Weavetech

The Beauty of Weaving - The Intertwining of Warp and Weft threads

The Beauty of Weaving - The Intertwining of Warp and Weft threads

The Beauty of Weaving - The Intertwining of Warp and Weft threads

The Art of Weaving

The art or craft of forming fabric or cloth by interlacing threads is the art of weaving. This art is one of the oldest existing methods in the world. The traditional and natural process of hand-weaving and using looms are slowly and gradually taking an advanced shape with the new development of machines in the textile industry. The art can be traced back to the Neolithic age, an approximate 12,000 years ago, when the basic technique of weaving was applied to intertwine branches and twigs to build fences, shelters and baskets for protection.

Weaving, in the early ages, was known as a women’s craft. Women who stayed at home to look after their houses and children used to start spinning and weaving yarns, whenever they could. A distaff is a tool used to hold the bundle of fibres, such as flax or wool. Spinning was a simple and everyday activity performed by women, due to which the distaff became the emblem of women’s work or domain in the family. 

In Greek mythology, weaving is sometimes believed to be the centre of creation; as symbolized by the Fates or Moirai, a group of three weaving goddesses who assign individuals the destinies at their birth. Their names are Clotho (the Spinner- who spins us into being), Lachesis (the Assigner – who weaves our fate) and Atropos (the Inflexible- who cuts the thread of our lives).  These Fates or Moirai represented the cycle of life, that especially stood for Birth, Life and Death.

Warp and Weft in Weaving

Weaving is a craft where we see two threads, warp and weft, intertwining and embracing each other in a beautiful romance to result in fabric or cloth. In the process of weaving, warp threads are strung vertically over the loom, providing the foundation for weaving, and the weft threads run up and down around the warp threads to create the design. All types of weaving involve warp threads and weft threads.

 

A most common weaving method is the simple weave, in which the weft yarn goes alternately above and below the warp yarn and creates a flat surface that allows the patterns to get easily printed. Other two types are Basket weaving and Twill weaving, where one has a checkerboard pattern, and the other builds a strong, heavy, denim-like fabric. 
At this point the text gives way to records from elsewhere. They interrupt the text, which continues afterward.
lemma kmin_bounds:
  fixes W :: nat and C a :: "nat \<Rightarrow> nat"
  assumes "0 < W" "W \<le> (\<Sum>j=1..m. C (a j))"
  shows "1 \<le> kmin W C a" "kmin W C a \<le> m"
    and "(\<Sum>j=1..kmin W C a - 1. C (a j)) < W"
    and "W \<le> (\<Sum>j=1..kmin W C a - 1. C (a j)) + C (a (kmin W C a))"
proof -
  have upper: "W \<le> (\<Sum>j=1..kmin W C a. C (a j))"
    unfolding kmin_def by (rule LeastI) (rule assms(2))
  show "kmin W C a \<le> m"
    unfolding kmin_def by (rule Least_le) (rule assms(2))
  show k_pos: "1 \<le> kmin W C a"
    using upper assms(1) by (cases "kmin W C a") auto
  then show "W \<le> (\<Sum>j=1..kmin W C a - 1. C (a j)) + C (a (kmin W C a))"
    using upper by (cases "kmin W C a") (auto simp: sum.cl_ivl_Suc)
  from k_pos have "\<not> W \<le> (\<Sum>j=1..kmin W C a - 1. C (a j))"
    unfolding kmin_def by (intro not_less_Least) auto
  then show "(\<Sum>j=1..kmin W C a - 1. C (a j)) < W" by simp
qed

theorem proposition2:
  fixes n m :: nat
    and w C :: "nat \<Rightarrow> nat"
    and f c :: "nat \<Rightarrow> real"
    and a :: "nat \<Rightarrow> nat"
  assumes w_pos: "\<forall>i\<in>{1..n}. 0 < w i"
    and w_sorted: "\<forall>i\<in>{1..n}. \<forall>i'\<in>{1..n}. i \<le> i' \<longrightarrow> w i \<le> w i'"
    and C_pos: "\<forall>j\<in>{1..m}. 0 < C j"
    and f_nonneg: "\<forall>j\<in>{1..m}. 0 \<le> f j"
    and c_nonneg: "\<forall>j\<in>{1..m}. 0 \<le> c j"
    and cap: "(\<Sum>j=1..m. C j) \<ge> total_size n w"
    and a_perm: "bij_betw a {1..m} {1..m}"
    and a_sorted: "\<forall>j\<in>{1..m}. \<forall>j'\<in>{1..m}. j \<le> j' \<longrightarrow> ratio C f c (a j) \<le> ratio C f c (a j')"
  shows "lp_optimal_value n m w C f c (Lb1 n w C f c a)"
proof -
  define W where "W = total_size n w"
  define k where "k = kmin W C a"
  have "knapsack_optimal_value m (\<lambda>j. real (C j)) (ratio C f c) (real W) (Lb1 n w C f c a)"
  proof (cases "W = 0")
    case True
    then have "Lb1 n w C f c a = 0"
      unfolding Lb1_def kmin_def W_def[symmetric] by simp
    then show ?thesis
      using True knapsack_optimal_value_zero by simp
  next
    case False
    have W_le: "W \<le> (\<Sum>j=1..m. C (a j))"
      using cap sum.reindex_bij_betw[OF a_perm, of C] unfolding W_def by simp
    note k_bounds = kmin_bounds[where W = W and m = m and C = C and a = a, OF _ W_le, folded k_def]
    have "knapsack_optimal_value m (\<lambda>t. real (C (a t))) (\<lambda>t. ratio C f c (a t)) (real W)
            (Lb1 n w C f c a)"
      unfolding Lb1_def Let_def W_def[symmetric] k_def[symmetric]
      using False k_bounds a_sorted
      by (intro knapsack_optimal_value_greedy) (auto simp flip: of_nat_sum of_nat_add)
    then show ?thesis
      by (rule knapsack_optimal_value_reindex[OF a_perm])
  qed
  then show ?thesis
    using lp_optimal_value_of_knapsack[OF w_pos C_pos f_nonneg] unfolding W_def by blast
qed
lemma is_theory_unbox:
  assumes \<Gamma>: "is_theory \<Gamma>"
  shows "is_theory (unbox a \<Gamma>)"
  unfolding is_theory_def unbox_def
proof (intro conjI allI impI subsetI; simp)
  show "K a \<phi> \<in> \<Gamma>" if "CoRGAL \<phi>" for \<phi>
    using theory_CoRGAL[OF \<Gamma> R1[OF that]] .
  show "K a \<psi> \<in> \<Gamma>" if "K a \<phi> \<in> \<Gamma>" "K a (Imp \<phi> \<psi>) \<in> \<Gamma>" for \<phi> \<psi>
    using theory_CoRGAL[OF \<Gamma> A1[of a \<phi> \<psi>]] that theory_mp[OF \<Gamma>] by blast
  show "K a (fill \<eta> (rule_conclusion r)) \<in> \<Gamma>"
    if "fill \<eta> ` rule_premises r \<subseteq> {\<phi>. K a \<phi> \<in> \<Gamma>}" for \<eta> r
    using theory_omega_rule[OF \<Gamma>, of r "NK a \<eta>"] that by auto
qed

lemma mcs_K:
  fixes \<Gamma> :: "('a::{finite,linorder}, 'p::countable) fm set"
  assumes "mcs \<Gamma>"
  shows "K a \<psi> \<in> \<Gamma> \<longleftrightarrow> (\<forall>\<Delta>. mcs \<Delta> \<and> unbox a \<Gamma> \<subseteq> \<Delta> \<longrightarrow> \<psi> \<in> \<Delta>)"
proof
  assume "\<forall>\<Delta>. mcs \<Delta> \<and> unbox a \<Gamma> \<subseteq> \<Delta> \<longrightarrow> \<psi> \<in> \<Delta>"
  then show "K a \<psi> \<in> \<Gamma>"
    using lindenbaum_avoiding[OF is_theory_unbox, of \<Gamma> \<psi> a] assms
    unfolding mcs_def unbox_def by blast
qed (auto simp: unbox_def)

section \<open>Semantics\<close>

lemma sat_el_sat: "is_EL \<phi> \<Longrightarrow> sat M w \<phi> \<longleftrightarrow> sat_el M w \<phi>"
  by (induction \<phi> arbitrary: w) auto

lemma is_EL_conjs: "(\<And>\<phi>. \<phi> \<in> set \<phi>s \<Longrightarrow> is_EL \<phi>) \<Longrightarrow> is_EL (conjs \<phi>s)"
  by (induction \<phi>s rule: conjs.induct) (auto simp: Top_def)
“To produce the textile, these two threads must be bound, otherwise, each will remain fragile and fluttering potentiality…if the meeting of opposites does not take place, nothing is created, for each element is defined by its opposite and takes its meaning from it.” (ZATI- The Art of Weaving a Life).

The way these yarns go crossing and come out to form a fabric- symbolizes relationships we build and hold in this world. Nothing is created without weaving– be it motherhood, fatherhood, childhood, sisterhood, brotherhood, friendship, or a love relationship.